Interview mit Füffi

„Wenn dir dein Job Energie raubt, dann brauchst du natürlich einen Ausgleich. Doch das Ziel sollte eher ein Job sein, der dich erfüllt und dir Energie schenkt.“

Interview mit Füffi
Interview mit Füffi

Autor: Walter Schilling

 

 

Es ist natürlich von Vorteil, wenn man als Rapper eine Stimme mit einem hohen Wiedererkennungswert hat. Genau das trifft auf Füffi zu, der leidenschaftlich gern synthetische Beats auseinandernimmt. Während er das auf seiner neuen EP Alles neue Freunde macht, geht es dort inhaltlich um den gesellschaftlichen Druck, der einen dazu bringt, sich ständig selbst optimieren zu müssen. Immer wieder daran zu arbeiten, selbst mal der Chef zu werden, während uns impliziert wird, dass der Zuarbeiter eine wertlose Arbeit hat. Füffi selbst gibt sich mit dieser Situation nicht zufrieden und möchte wieder eine Gesellschaft haben, in der sich jeder um jeden kümmert. Genau darüber und noch über vieles mehr sprachen wir in einem kleinen Park in Berlin Mitte.

bb21: Wie war die Tour im letzten Jahr mit Tom Thaler?

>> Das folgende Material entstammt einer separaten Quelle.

lemma CN_le_BCT:
  fixes \<alpha> :: "nat \<Rightarrow> 'a::metric_space"
  shows "weihrauch_le delta_closed_nat delta_nat CN_dom CN (delta_closed_seq \<alpha>) delta_nat BCT_dom BCT"
proof (rule weihrauch_le_natI[where h="\<lambda>m. m" and \<kappa>=indicator_name])
  show "prc 1 (\<lambda>xs. xs!0)" by (rule prc_proj) simp
  show "computable_baire (\<lambda>p. Some (indicator_name p))" by (rule computable_indicator_name)
  fix p A
  assume "delta_closed_nat p = Some A" "A \<in> CN_dom"
  then have A: "A = {n. Suc n \<notin> range p}" "A \<noteq> {}" by (auto simp: delta_closed_nat_def CN_dom_def)
  define As :: "nat \<Rightarrow> 'a set" where "As = (\<lambda>i. if Suc i \<in> range p then {} else UNIV)"
  have "delta_closed_seq \<alpha> (indicator_name p) = Some As"
    unfolding delta_closed_seq_def As_def indicator_name_sets by simp
  moreover have "As \<in> BCT_dom" unfolding BCT_dom_def As_def using A by auto
  moreover have "\<forall>m\<in>BCT As. m \<in> CN A" using A by (auto simp: BCT_def CN_def As_def split: if_splits)
  ultimately show "\<exists>As. delta_closed_seq \<alpha> (indicator_name p) = Some As \<and> As \<in> BCT_dom \<and> (\<forall>m\<in>BCT As. m \<in> CN A)"
    by blast
qed
(* Let $G$ be a graph with no induced $P_7$, $C_4$, $C_6$ or $C_7$ and let $H=(B_1,\dots,B_5)$ be a nice blowup of $C_5$ in $G$. Then $G[A_3(i)]$ contains no induced path on four vertices, for each $i\in\{1,\dots,5\}$.
   Context: Indices modulo $5$. A nice blowup of $C_5$ is a tuple $(B_1,\dots,B_5)$ of pairwise disjoint cliques such that every vertex of $B_j$ has a neighbor in $B_{j-1}$ and in $B_{j+1}$, $B_j$ is anticomplete to $B_{j+2}$, and there are no $a\in B_j$, distinct $b,c\in B_{j+1}$, $d\in B_{j+2}$ with $G[\{a,b,c,d\}]\cong P_4$; $V(H)=\bigcup B_j$. For $v\notin V(H)$, $\operatorname{supp}(v)$ is the set of $j$ such that $v$ has a neighbor in $B_j$; $A_3(i)=\{v\notin V(H):\operatorname{supp}(v)=\{i-1,i,i+1\}\}$. *)

theory Defs
  imports Main
begin

definition simple_graph :: "'a set \<Rightarrow> ('a \<Rightarrow> 'a \<Rightarrow> bool) \<Rightarrow> bool" where
  "simple_graph V E \<longleftrightarrow> finite V \<and> (\<forall>x y. E x y \<longrightarrow> E y x) \<and> (\<forall>x. \<not> E x x)"

definition has_induced_path :: "'a set \<Rightarrow> ('a \<Rightarrow> 'a \<Rightarrow> bool) \<Rightarrow> nat \<Rightarrow> bool" where
  "has_induced_path S E n \<longleftrightarrow> (\<exists>f. inj_on f {..<n} \<and> f ` {..<n} \<subseteq> S \<and>
     (\<forall>i<n. \<forall>j<n. E (f i) (f j) \<longleftrightarrow> (i = Suc j \<or> j = Suc i)))"

definition has_induced_cycle :: "'a set \<Rightarrow> ('a \<Rightarrow> 'a \<Rightarrow> bool) \<Rightarrow> nat \<Rightarrow> bool" where
  "has_induced_cycle S E n \<longleftrightarrow> (\<exists>f. inj_on f {..<n} \<and> f ` {..<n} \<subseteq> S \<and>
     (\<forall>i<n. \<forall>j<n. E (f i) (f j) \<longleftrightarrow> (i = Suc j mod n \<or> j = Suc i mod n)))"

text \<open>Nice blowup of C5, blocks indexed by 0..4 (indices mod 5).\<close>
definition nice_blowup_C5 :: "'a set \<Rightarrow> ('a \<Rightarrow> 'a \<Rightarrow> bool) \<Rightarrow> (nat \<Rightarrow> 'a set) \<Rightarrow> bool" where
  "nice_blowup_C5 V E B \<longleftrightarrow>
     (\<forall>j<5. B j \<subseteq> V) \<and>
     (\<forall>j<5. \<forall>k<5. j \<noteq> k \<longrightarrow> B j \<inter> B k = {}) \<and>
     (\<forall>j<5. \<forall>x\<in>B j. \<forall>y\<in>B j. x \<noteq> y \<longrightarrow> E x y) \<and>
     (\<forall>j<5. \<forall>x\<in>B j. (\<exists>y\<in>B ((j + 4) mod 5). E x y) \<and> (\<exists>y\<in>B ((j + 1) mod 5). E x y)) \<and>
     (\<forall>j<5. \<forall>x\<in>B j. \<forall>y\<in>B ((j + 2) mod 5). \<not> E x y) \<and>
     (\<forall>j<5. \<not> (\<exists>a\<in>B j. \<exists>b\<in>B ((j + 1) mod 5). \<exists>c\<in>B ((j + 1) mod 5). \<exists>d\<in>B ((j + 2) mod 5).
          b \<noteq> c \<and> has_induced_path {a, b, c, d} E 4))"

definition blowup_vertices :: "(nat \<Rightarrow> 'a set) \<Rightarrow> 'a set" where
  "blowup_vertices B = (\<Union>j<5. B j)"

definition supp :: "('a \<Rightarrow> 'a \<Rightarrow> bool) \<Rightarrow> (nat \<Rightarrow> 'a set) \<Rightarrow> 'a \<Rightarrow> nat set" where
  "supp E B v = {j. j < 5 \<and> (\<exists>u\<in>B j. E v u)}"

definition A3 :: "'a set \<Rightarrow> ('a \<Rightarrow> 'a \<Rightarrow> bool) \<Rightarrow> (nat \<Rightarrow> 'a set) \<Rightarrow> nat \<Rightarrow> 'a set" where
  "A3 V E B i = {v \<in> V - blowup_vertices B. supp E B v = {(i + 4) mod 5, i, (i + 1) mod 5}}"

end

theory Submission
  imports Defs
begin

text \<open>
  Put \<open>X = B (i+1)\<close> and \<open>W = B (i-1)\<close>: two disjoint, mutually anticomplete cliques, and every
  vertex of \<open>A3 i\<close> lies outside them and has neighbours in both. Since \<open>G\<close> has no induced
  \<open>C4\<close>, adjacent such vertices have nested neighbourhoods in each clique, and two nonadjacent
  ones never have common neighbours in both cliques; since \<open>G\<close> has no induced \<open>C6\<close>, they have
  one in at least one clique. Now let \<open>a-b-c-d\<close> be an induced path of such vertices, and say \<open>a\<close>
  and \<open>c\<close> share a neighbour in \<open>X\<close>. Then their neighbourhoods in \<open>W\<close> are disjoint, so by
  nesting \<open>b\<close> sees both of them, hence \<open>b\<close> and \<open>d\<close> share a neighbour in \<open>W\<close>; symmetrically the
  neighbourhood of \<open>c\<close> in \<open>X\<close> contains those of \<open>b\<close> and \<open>d\<close>. A common neighbour of \<open>a\<close> and
  \<open>d\<close> in either clique now closes an induced \<open>C4\<close> with \<open>b\<close> or \<open>c\<close>.
\<close>

definition neighbours_in :: "('a \<Rightarrow> 'a \<Rightarrow> bool) \<Rightarrow> 'a set \<Rightarrow> 'a \<Rightarrow> 'a set" where
  "neighbours_in E Y v = {y \<in> Y. E v y}"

Füffi: Das war die beste Zeit! Seit der Abifahrt habe ich keine so intensive Zeit mehr gehabt. Die Tour war zwar leider nicht durchgehend gut besucht, denn es gab Städte, in denen wir eine kleine Crowd hatten, trotzdem hatten wir unglaublich viel Spaß. Denn wir haben uns einfach davon freigemacht, dass wir auch mal vor sehr wenig Menschen spielen mussten und haben einfach gesoffen.

 

bb21: Du rechnest auf deiner EP mit der Szene der Persönlichkeitsentwicklung ab. Was stört dich expliziert an ihnen? Ist doch cool, wenn Menschen daran interessiert sind, sich zu verbessern.

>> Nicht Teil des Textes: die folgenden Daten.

lemma RL_hat_deriv_poly_vanishes_at_minus_one_iff:
  assumes "\<mu> < real k" "\<mu> \<notin> \<int>" "degree u \<le> N"
  shows "\<exists>q. (\<forall>x\<in>{-1<..<1}. RL_hat_deriv k \<mu> (poly u) x = poly q x)
    \<and> (poly q (-1) = 0 \<longleftrightarrow> poly u (-1) = 0)"
proof (intro exI conjI)
  let ?q = "shifted_poly N (\<lambda>j. RL_hat_eigenvalue \<mu> j * shifted_coeff u j)"
  show "\<forall>x\<in>{-1<..<1}. RL_hat_deriv k \<mu> (poly u) x = poly ?q x"
    using RL_hat_deriv_poly[OF assms] by simp
  show "poly ?q (-1) = 0 \<longleftrightarrow> poly u (-1) = 0"
    using RL_hat_eigenvalue_nonzero[OF assms(2), of 0]
    by (simp add: poly_shifted_poly_minus_one shifted_coeff_0)
qed

theorem lemma5p1:
  fixes N k :: nat and \<mu> :: real
  assumes "k \<in> {1, 2}" and "real k - 1 < \<mu>" and "\<mu> < real k"
  shows "(\<forall>f :: real poly. degree f \<le> N \<and> poly f (-1) = 0 \<longrightarrow>
            (\<exists>!u :: real poly. degree u \<le> N \<and> poly u (-1) = 0 \<and>
                 (\<forall>x\<in>{-1<..<1}. RL_hat_deriv k \<mu> (poly u) x = poly f x)) \<and>
            (\<forall>u :: real poly. degree u \<le> N \<and> poly u (-1) = 0 \<and>
                 (\<forall>x\<in>{-1<..<1}. RL_hat_deriv k \<mu> (poly u) x = poly f x) \<longrightarrow>
               (\<forall>x\<in>{-1<..<1}. poly u x =
                  RL_int \<mu> (\<lambda>y. (1 + y) powr (- \<mu>) * poly f y) x)))
       \<and> (\<forall>u :: real poly. degree u \<le> N \<longrightarrow>
            (\<exists>q :: real poly. (\<forall>x\<in>{-1<..<1}. RL_hat_deriv k \<mu> (poly u) x = poly q x) \<and>
               (poly q (-1) = 0 \<longleftrightarrow> poly u (-1) = 0)))"
proof -
  have \<mu>: "0 < \<mu>" "\<mu> < 2" "\<mu> \<notin> \<int>"
    using assms not_Ints_between_consecutive[OF assms(2,3)] by auto
  have "(\<exists>!u. degree u \<le> N \<and> poly u (-1) = 0 \<and>
            (\<forall>x\<in>{-1<..<1}. RL_hat_deriv k \<mu> (poly u) x = poly f x)) \<and>
        (\<forall>u. degree u \<le> N \<and> poly u (-1) = 0 \<and>
            (\<forall>x\<in>{-1<..<1}. RL_hat_deriv k \<mu> (poly u) x = poly f x) \<longrightarrow>
          (\<forall>x\<in>{-1<..<1}. poly u x = RL_int \<mu> (\<lambda>y. (1 + y) powr (- \<mu>) * poly f y) x))"
    if f: "degree f \<le> N" "poly f (-1) = 0" for f
  proof -
    define u\<^sub>0 where "u\<^sub>0 = shifted_poly N (\<lambda>j. shifted_coeff f j / RL_hat_eigenvalue \<mu> j)"
    have solves_iff: "(\<forall>x\<in>{-1<..<1}. RL_hat_deriv k \<mu> (poly u) x = poly f x) \<longleftrightarrow> u = u\<^sub>0"
      if "degree u \<le> N" for u
      unfolding u\<^sub>0_def using RL_hat_deriv_poly_eq_iff[OF assms(3) \<mu>(3) that f(1)] .
    have "degree u\<^sub>0 \<le> N" "poly u\<^sub>0 (-1) = 0"
      by (simp_all add: u\<^sub>0_def degree_shifted_poly_le poly_shifted_poly_minus_one shifted_coeff_0 f)
    moreover have "poly u\<^sub>0 x = RL_int \<mu> (\<lambda>y. (1 + y) powr (- \<mu>) * poly f y) x" if "x > -1" for x
      using RL_int_shifted_poly[OF \<mu>(1,2) that, of "shifted_coeff f" N]
      by (simp add: u\<^sub>0_def shifted_poly_shifted_coeff shifted_coeff_0 f)
    ultimately show ?thesis
      using solves_iff by auto
  qed
  then show ?thesis
    using RL_hat_deriv_poly_vanishes_at_minus_one_iff[OF assms(3) \<mu>(3)] by blast
qed

end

Füffi: Ich habe nichts dagegen, wenn Menschen psychologische Hilfe brauchen und sie in Anspruch nehmen. Aber mir geht der Trend der Selbstoptimierung einfach mega auf den Keks. Ich finde nämlich, dass dir viele dieser Trainer suggerieren, dass du ein 100-Prozent-Mensch werden musst, der alles aus sich herausholen muss und total auf sich selbst fokussiert ist. Doch dabei geht das Gemeinschaftsgefühl verloren. Ich möchte nicht in einer narzisstischen Welt leben, in der jeder sich selbst der nächste ist. Denn das gibt Menschen, die nicht im Rampenlicht stehen, sondern anderen zuarbeiten, das Gefühl, dass sie minderwertig sind. Dann holen sie sich am Ende auch noch einen Lifecoach, nur um in das Hamsterrad einzusteigen. Teamplayer sind sehr wichtig für unsere Gesellschaft, aber sie finden in der Welt der Selbstoptimierung keinen Platz.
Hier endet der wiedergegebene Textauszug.